TASK GOAL: In the entries that follow, the line with "turns \<open>L\<^sub>2(E)\<close> into" opens the range and the line with "functions that are" closes it; repeat that range exactly, both lines included.

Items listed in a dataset

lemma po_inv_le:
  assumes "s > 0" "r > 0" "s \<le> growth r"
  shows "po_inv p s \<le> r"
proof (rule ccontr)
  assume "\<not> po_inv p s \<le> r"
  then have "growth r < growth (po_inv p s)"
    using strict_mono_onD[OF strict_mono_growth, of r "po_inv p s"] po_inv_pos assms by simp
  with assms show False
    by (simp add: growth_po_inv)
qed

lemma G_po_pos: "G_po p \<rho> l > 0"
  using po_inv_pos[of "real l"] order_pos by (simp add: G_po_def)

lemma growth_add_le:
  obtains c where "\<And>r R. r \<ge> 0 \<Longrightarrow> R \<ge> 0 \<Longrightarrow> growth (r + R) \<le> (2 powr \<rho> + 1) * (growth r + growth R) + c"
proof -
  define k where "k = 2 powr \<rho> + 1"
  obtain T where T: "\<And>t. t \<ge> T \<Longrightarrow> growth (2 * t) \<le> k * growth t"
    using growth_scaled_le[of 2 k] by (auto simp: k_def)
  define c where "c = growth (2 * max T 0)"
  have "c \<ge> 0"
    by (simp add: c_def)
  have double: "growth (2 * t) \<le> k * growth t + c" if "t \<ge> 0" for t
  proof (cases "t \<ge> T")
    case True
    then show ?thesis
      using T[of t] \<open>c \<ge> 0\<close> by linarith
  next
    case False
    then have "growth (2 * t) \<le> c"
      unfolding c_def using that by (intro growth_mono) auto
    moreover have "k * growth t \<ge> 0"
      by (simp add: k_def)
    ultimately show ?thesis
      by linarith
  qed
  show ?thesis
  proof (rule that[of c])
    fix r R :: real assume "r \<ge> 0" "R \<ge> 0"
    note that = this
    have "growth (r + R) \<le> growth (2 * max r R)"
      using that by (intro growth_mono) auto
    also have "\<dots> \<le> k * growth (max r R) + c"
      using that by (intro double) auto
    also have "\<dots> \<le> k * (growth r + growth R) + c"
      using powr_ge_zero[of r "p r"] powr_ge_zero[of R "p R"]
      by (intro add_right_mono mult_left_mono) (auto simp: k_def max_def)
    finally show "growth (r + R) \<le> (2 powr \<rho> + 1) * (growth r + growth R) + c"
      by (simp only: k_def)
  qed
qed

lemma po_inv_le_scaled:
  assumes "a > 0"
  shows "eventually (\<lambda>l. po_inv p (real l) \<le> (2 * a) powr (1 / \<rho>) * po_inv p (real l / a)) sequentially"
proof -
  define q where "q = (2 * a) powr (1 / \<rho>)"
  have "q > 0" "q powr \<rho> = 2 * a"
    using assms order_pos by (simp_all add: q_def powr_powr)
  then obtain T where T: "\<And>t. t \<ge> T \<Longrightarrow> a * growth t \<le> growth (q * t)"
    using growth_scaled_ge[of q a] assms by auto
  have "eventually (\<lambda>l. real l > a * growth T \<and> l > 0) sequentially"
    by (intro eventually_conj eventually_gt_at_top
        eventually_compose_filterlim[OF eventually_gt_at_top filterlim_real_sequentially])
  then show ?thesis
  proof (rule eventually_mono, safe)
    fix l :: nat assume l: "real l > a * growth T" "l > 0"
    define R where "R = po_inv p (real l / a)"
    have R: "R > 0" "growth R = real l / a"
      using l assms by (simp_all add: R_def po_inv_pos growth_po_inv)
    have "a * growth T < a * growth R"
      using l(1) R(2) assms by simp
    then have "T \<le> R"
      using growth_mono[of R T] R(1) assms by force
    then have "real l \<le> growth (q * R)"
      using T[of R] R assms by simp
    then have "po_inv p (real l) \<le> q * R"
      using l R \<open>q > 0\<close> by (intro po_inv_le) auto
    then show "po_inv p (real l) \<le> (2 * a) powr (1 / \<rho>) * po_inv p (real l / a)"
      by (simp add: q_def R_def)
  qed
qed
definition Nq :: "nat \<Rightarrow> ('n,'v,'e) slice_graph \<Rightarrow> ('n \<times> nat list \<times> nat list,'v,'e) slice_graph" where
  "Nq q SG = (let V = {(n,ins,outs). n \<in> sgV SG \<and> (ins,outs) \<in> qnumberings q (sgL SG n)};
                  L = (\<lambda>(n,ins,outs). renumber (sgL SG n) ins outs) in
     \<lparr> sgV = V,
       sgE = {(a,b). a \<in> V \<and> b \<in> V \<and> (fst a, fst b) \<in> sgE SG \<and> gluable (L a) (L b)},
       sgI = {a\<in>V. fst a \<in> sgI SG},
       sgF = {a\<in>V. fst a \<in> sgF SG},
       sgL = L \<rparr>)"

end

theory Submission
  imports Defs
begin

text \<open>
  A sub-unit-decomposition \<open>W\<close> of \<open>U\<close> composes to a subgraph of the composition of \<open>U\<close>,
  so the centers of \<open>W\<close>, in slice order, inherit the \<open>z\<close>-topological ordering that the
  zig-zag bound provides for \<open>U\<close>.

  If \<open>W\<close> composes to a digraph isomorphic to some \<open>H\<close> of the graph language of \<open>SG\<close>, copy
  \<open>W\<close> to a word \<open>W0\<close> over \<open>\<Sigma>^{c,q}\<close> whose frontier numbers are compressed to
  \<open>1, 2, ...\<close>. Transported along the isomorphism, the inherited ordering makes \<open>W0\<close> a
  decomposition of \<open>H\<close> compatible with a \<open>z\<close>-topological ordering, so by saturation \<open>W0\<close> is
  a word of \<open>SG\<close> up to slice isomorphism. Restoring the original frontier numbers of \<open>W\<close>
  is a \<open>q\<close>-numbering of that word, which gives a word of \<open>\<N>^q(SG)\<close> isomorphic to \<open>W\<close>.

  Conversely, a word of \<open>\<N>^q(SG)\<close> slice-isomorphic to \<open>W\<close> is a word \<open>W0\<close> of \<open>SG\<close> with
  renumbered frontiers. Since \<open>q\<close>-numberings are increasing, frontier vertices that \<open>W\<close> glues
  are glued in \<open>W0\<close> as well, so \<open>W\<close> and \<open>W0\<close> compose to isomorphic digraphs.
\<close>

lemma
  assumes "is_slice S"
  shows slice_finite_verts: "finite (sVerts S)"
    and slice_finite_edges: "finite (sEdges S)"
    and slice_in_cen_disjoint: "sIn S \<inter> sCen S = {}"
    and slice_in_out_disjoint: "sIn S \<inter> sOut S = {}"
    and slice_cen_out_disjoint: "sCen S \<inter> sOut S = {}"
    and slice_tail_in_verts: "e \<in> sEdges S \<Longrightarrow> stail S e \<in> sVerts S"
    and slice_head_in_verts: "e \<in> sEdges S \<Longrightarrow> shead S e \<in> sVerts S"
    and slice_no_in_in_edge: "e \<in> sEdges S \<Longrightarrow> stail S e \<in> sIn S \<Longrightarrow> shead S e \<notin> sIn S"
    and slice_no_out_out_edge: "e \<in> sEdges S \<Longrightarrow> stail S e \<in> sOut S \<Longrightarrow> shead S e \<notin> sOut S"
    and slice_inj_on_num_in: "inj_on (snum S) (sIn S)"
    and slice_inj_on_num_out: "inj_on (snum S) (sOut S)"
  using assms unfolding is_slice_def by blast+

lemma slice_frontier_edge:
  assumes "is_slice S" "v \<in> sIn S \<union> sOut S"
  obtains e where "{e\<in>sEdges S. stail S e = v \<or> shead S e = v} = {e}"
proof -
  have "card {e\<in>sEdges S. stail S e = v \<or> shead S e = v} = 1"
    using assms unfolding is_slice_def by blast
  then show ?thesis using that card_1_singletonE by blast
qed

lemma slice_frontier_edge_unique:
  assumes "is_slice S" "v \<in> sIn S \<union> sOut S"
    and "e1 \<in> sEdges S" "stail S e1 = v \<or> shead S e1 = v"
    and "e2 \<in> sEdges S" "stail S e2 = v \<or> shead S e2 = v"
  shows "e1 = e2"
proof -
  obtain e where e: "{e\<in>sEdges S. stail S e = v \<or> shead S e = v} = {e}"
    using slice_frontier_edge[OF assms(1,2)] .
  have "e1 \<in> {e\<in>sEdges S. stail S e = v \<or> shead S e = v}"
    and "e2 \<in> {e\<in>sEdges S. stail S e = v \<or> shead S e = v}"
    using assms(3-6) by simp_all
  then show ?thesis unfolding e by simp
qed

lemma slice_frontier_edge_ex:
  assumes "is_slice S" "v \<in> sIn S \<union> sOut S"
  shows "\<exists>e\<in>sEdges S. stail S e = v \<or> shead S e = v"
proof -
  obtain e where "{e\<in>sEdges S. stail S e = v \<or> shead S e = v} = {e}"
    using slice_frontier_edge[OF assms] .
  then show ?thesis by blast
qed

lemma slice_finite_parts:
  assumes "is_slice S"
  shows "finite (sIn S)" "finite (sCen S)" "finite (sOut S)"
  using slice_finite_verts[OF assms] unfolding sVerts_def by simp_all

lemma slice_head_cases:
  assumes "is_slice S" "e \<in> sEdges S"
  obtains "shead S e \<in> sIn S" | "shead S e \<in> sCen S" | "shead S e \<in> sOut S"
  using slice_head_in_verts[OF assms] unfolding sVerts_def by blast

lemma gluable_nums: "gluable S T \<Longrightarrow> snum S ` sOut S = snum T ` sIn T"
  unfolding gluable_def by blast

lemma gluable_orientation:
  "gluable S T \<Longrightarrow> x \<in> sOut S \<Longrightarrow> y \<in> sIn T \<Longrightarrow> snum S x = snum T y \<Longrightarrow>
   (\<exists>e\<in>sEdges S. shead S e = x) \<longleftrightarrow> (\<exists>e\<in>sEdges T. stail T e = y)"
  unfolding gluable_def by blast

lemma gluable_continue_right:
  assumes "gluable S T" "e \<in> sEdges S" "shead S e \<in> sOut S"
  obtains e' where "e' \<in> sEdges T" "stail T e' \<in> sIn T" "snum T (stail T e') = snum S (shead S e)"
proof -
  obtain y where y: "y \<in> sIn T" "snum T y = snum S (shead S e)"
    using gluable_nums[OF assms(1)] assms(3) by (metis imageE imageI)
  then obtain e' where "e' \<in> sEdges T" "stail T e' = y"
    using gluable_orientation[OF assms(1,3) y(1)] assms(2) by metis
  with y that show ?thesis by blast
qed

---

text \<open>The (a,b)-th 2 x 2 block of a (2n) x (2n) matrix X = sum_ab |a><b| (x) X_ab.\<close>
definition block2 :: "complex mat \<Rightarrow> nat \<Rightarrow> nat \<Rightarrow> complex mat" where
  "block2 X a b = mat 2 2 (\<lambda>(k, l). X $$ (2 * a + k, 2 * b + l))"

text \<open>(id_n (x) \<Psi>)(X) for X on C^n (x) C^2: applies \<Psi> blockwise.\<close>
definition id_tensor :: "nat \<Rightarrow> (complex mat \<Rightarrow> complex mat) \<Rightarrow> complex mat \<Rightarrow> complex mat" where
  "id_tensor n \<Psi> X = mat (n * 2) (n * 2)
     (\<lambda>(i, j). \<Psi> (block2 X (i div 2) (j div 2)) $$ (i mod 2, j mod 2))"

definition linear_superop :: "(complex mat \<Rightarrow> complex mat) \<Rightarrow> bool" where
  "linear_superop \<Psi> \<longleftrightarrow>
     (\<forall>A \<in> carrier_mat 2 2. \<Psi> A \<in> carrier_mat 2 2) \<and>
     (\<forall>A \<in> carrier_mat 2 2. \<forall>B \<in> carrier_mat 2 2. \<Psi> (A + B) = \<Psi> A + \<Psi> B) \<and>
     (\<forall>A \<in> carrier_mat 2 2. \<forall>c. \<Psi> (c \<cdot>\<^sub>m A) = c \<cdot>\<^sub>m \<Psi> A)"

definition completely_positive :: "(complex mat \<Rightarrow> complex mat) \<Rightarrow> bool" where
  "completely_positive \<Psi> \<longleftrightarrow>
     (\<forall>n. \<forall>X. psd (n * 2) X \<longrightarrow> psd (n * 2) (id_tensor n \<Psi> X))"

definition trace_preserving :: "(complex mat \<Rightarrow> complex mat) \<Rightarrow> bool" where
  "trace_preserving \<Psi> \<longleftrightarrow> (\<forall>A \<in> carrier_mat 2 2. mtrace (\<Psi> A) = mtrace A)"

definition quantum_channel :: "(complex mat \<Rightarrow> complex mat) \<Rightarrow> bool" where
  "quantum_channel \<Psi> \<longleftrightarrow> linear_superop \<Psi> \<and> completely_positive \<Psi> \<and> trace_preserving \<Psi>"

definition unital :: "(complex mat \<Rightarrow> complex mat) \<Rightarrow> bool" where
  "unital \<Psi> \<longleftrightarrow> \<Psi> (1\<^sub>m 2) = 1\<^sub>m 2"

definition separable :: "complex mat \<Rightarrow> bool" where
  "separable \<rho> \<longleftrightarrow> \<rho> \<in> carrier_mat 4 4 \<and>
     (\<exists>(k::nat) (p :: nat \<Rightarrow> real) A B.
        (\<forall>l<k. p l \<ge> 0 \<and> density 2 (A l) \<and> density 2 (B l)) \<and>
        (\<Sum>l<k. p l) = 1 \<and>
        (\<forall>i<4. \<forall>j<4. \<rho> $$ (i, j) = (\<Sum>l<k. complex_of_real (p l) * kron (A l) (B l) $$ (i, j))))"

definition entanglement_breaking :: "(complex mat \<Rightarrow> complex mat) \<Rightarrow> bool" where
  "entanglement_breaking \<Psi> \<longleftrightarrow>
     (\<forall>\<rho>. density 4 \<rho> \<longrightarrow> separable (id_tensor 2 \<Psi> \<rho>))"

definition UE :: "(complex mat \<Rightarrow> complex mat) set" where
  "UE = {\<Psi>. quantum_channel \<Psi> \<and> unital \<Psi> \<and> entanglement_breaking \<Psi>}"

---

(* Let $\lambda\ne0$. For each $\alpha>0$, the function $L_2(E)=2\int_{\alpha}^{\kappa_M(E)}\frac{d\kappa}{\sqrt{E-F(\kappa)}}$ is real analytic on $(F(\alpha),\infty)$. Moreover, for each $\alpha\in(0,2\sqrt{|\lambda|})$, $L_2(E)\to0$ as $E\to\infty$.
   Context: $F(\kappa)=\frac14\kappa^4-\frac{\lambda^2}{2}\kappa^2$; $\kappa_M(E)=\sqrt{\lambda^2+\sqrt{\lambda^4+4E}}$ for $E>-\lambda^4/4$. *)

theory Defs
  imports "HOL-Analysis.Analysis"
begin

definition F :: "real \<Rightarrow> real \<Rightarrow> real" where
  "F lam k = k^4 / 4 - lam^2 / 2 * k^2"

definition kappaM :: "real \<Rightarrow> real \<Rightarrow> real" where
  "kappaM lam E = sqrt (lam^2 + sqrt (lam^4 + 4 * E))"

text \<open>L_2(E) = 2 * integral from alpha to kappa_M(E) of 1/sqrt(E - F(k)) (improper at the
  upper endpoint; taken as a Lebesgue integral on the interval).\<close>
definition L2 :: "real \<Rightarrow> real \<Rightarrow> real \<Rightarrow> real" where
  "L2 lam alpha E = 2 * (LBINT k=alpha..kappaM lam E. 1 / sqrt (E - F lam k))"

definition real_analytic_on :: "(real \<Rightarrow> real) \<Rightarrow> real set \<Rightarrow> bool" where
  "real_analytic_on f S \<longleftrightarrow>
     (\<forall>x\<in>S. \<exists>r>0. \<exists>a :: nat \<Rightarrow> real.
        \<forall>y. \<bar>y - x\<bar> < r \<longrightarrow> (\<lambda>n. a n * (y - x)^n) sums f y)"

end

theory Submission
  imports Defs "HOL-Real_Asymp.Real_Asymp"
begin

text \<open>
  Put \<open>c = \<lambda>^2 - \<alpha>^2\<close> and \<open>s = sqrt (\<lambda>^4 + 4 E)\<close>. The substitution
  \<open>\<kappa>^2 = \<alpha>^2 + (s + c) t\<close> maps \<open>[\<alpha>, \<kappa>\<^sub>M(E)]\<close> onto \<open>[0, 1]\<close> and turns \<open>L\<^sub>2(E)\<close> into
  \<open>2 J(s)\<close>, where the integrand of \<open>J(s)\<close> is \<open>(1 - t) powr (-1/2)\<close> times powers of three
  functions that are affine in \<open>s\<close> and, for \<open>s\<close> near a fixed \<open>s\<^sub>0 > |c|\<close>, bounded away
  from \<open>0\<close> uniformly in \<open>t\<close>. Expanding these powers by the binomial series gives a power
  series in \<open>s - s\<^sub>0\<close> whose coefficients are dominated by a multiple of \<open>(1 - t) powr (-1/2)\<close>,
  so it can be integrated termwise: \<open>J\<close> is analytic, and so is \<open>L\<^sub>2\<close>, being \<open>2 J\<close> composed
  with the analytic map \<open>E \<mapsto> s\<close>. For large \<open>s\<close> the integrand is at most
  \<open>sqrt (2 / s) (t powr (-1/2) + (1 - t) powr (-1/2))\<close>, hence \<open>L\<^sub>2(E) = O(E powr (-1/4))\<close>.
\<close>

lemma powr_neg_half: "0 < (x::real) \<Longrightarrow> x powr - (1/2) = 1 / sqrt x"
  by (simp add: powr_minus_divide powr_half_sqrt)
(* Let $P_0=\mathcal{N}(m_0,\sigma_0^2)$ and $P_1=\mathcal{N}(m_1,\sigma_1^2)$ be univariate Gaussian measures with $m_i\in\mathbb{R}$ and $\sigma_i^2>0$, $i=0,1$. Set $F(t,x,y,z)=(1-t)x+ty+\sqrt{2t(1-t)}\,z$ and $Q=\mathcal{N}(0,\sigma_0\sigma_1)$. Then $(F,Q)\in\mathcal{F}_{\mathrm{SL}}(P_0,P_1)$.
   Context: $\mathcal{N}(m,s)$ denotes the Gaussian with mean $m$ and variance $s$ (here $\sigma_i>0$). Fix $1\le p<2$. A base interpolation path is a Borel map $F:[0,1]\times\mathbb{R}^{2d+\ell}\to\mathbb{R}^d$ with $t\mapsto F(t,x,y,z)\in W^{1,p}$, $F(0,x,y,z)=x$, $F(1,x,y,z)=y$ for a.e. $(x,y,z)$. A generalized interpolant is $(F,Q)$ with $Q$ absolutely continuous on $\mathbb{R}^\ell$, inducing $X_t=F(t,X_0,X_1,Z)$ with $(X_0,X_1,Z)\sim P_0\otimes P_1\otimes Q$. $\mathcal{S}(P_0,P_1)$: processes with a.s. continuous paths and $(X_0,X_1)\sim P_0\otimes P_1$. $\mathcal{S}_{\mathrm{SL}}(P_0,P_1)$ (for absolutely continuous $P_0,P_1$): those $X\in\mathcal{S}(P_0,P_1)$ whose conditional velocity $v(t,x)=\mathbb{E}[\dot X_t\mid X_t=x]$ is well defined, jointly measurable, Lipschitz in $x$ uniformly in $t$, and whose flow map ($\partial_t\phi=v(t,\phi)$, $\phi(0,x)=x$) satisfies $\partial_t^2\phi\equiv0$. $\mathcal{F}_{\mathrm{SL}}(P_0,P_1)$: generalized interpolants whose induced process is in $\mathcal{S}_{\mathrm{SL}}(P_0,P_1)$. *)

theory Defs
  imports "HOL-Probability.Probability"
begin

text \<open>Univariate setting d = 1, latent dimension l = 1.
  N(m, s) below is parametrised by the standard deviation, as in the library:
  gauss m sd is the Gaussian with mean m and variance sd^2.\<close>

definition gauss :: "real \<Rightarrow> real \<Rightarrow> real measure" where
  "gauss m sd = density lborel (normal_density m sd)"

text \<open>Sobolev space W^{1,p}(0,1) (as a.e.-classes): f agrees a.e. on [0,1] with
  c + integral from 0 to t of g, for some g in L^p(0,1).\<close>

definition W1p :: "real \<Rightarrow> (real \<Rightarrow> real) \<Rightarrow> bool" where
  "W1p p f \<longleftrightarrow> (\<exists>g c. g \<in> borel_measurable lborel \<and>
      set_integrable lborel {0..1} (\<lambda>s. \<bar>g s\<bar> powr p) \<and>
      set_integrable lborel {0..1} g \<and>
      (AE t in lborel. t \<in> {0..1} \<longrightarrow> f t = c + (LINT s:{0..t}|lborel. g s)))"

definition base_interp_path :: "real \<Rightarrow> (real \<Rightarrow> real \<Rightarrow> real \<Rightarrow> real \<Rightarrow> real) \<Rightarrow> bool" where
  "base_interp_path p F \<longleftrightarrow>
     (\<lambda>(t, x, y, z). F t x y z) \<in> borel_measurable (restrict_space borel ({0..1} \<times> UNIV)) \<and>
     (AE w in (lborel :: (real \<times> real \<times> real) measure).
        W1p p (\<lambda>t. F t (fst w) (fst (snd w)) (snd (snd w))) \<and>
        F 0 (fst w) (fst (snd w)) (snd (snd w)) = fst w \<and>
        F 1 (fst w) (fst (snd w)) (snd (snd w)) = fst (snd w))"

PROBLEM SOLUTION:
  \<open>\<kappa>^2 = \<alpha>^2 + (s + c) t\<close> maps \<open>[\<alpha>, \<kappa>\<^sub>M(E)]\<close> onto \<open>[0, 1]\<close> and turns \<open>L\<^sub>2(E)\<close> into
  \<open>2 J(s)\<close>, where the integrand of \<open>J(s)\<close> is \<open>(1 - t) powr (-1/2)\<close> times powers of three
  functions that are affine in \<open>s\<close> and, for \<open>s\<close> near a fixed \<open>s\<^sub>0 > |c|\<close>, bounded away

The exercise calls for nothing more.